**Problem requirements:**
Each of the entries below should be written out exactly as it reads.

**Supplied entries:**
------------------------------------------------

lemma nowhere_dense_closure_diff_open:
  assumes "open U"
  shows "nowhere_dense (closure U - U)"
proof (rule nowhere_dense_closed)
  show "closed (closure U - U)" using assms by (simp add: closed_Diff)
  let ?W = "interior (closure U - U)"
  have "?W \<inter> U = {}" using interior_subset by blast
  then have "?W \<inter> closure U = {}" using open_Int_closure_eq_empty[of ?W U] by auto
  then show "?W = {}" using interior_subset by blast
qed

lemma meager_closed_cover:
  fixes S :: "'a::topological_space set"
  assumes "meager S"
  shows "\<exists>N. (\<forall>n::nat. closed (N n) \<and> nowhere_dense (N n)) \<and> S \<subseteq> (\<Union>n. N n)"
proof -
  obtain F where F: "countable F" "\<And>N. N \<in> F \<Longrightarrow> nowhere_dense N" "S \<subseteq> \<Union>F"
    using assms unfolding meager_def by blast
  \<comment> \<open>adding the empty set makes the cover nonempty, so that it can be enumerated\<close>
  define F' where "F' = closure ` insert {} F"
  have F': "closed N \<and> nowhere_dense N" if "N \<in> F'" for N
    using that F(2) unfolding F'_def nowhere_dense_def by auto
  have "S \<subseteq> \<Union>F'"
  proof
    fix x assume "x \<in> S"
    then obtain M where "M \<in> F" "x \<in> M" using F(3) by blast
    then show "x \<in> \<Union>F'" using closure_subset[of M] unfolding F'_def by blast
  qed
  moreover have range: "range (from_nat_into F') = F'"
    by (rule range_from_nat_into) (use F(1) in \<open>auto simp: F'_def\<close>)
  moreover have "from_nat_into F' n \<in> F'" for n
    using range by blast
  ultimately show ?thesis
    using F' by (intro exI[of _ "from_nat_into F'"]) auto
qed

------------------------------------------------

**Output of the exercise:**
lemma nowhere_dense_closure_diff_open:
  assumes "open U"
  shows "nowhere_dense (closure U - U)"
proof (rule nowhere_dense_closed)
  show "closed (closure U - U)" using assms by (simp add: closed_Diff)
  let ?W = "interior (closure U - U)"
  have "?W \<inter> U = {}" using interior_subset by blast
  then have "?W \<inter> closure U = {}" using open_Int_closure_eq_empty[of ?W U] by auto
  then show "?W = {}" using interior_subset by blast
qed

lemma meager_closed_cover:
  fixes S :: "'a::topological_space set"
  assumes "meager S"
  shows "\<exists>N. (\<forall>n::nat. closed (N n) \<and> nowhere_dense (N n)) \<and> S \<subseteq> (\<Union>n. N n)"
proof -
  obtain F where F: "countable F" "\<And>N. N \<in> F \<Longrightarrow> nowhere_dense N" "S \<subseteq> \<Union>F"
    using assms unfolding meager_def by blast
  \<comment> \<open>adding the empty set makes the cover nonempty, so that it can be enumerated\<close>
  define F' where "F' = closure ` insert {} F"
  have F': "closed N \<and> nowhere_dense N" if "N \<in> F'" for N
    using that F(2) unfolding F'_def nowhere_dense_def by auto
  have "S \<subseteq> \<Union>F'"
  proof
    fix x assume "x \<in> S"
    then obtain M where "M \<in> F" "x \<in> M" using F(3) by blast
    then show "x \<in> \<Union>F'" using closure_subset[of M] unfolding F'_def by blast
  qed
  moreover have range: "range (from_nat_into F') = F'"
    by (rule range_from_nat_into) (use F(1) in \<open>auto simp: F'_def\<close>)
  moreover have "from_nat_into F' n \<in> F'" for n
    using range by blast
  ultimately show ?thesis
    using F' by (intro exI[of _ "from_nat_into F'"]) auto
qed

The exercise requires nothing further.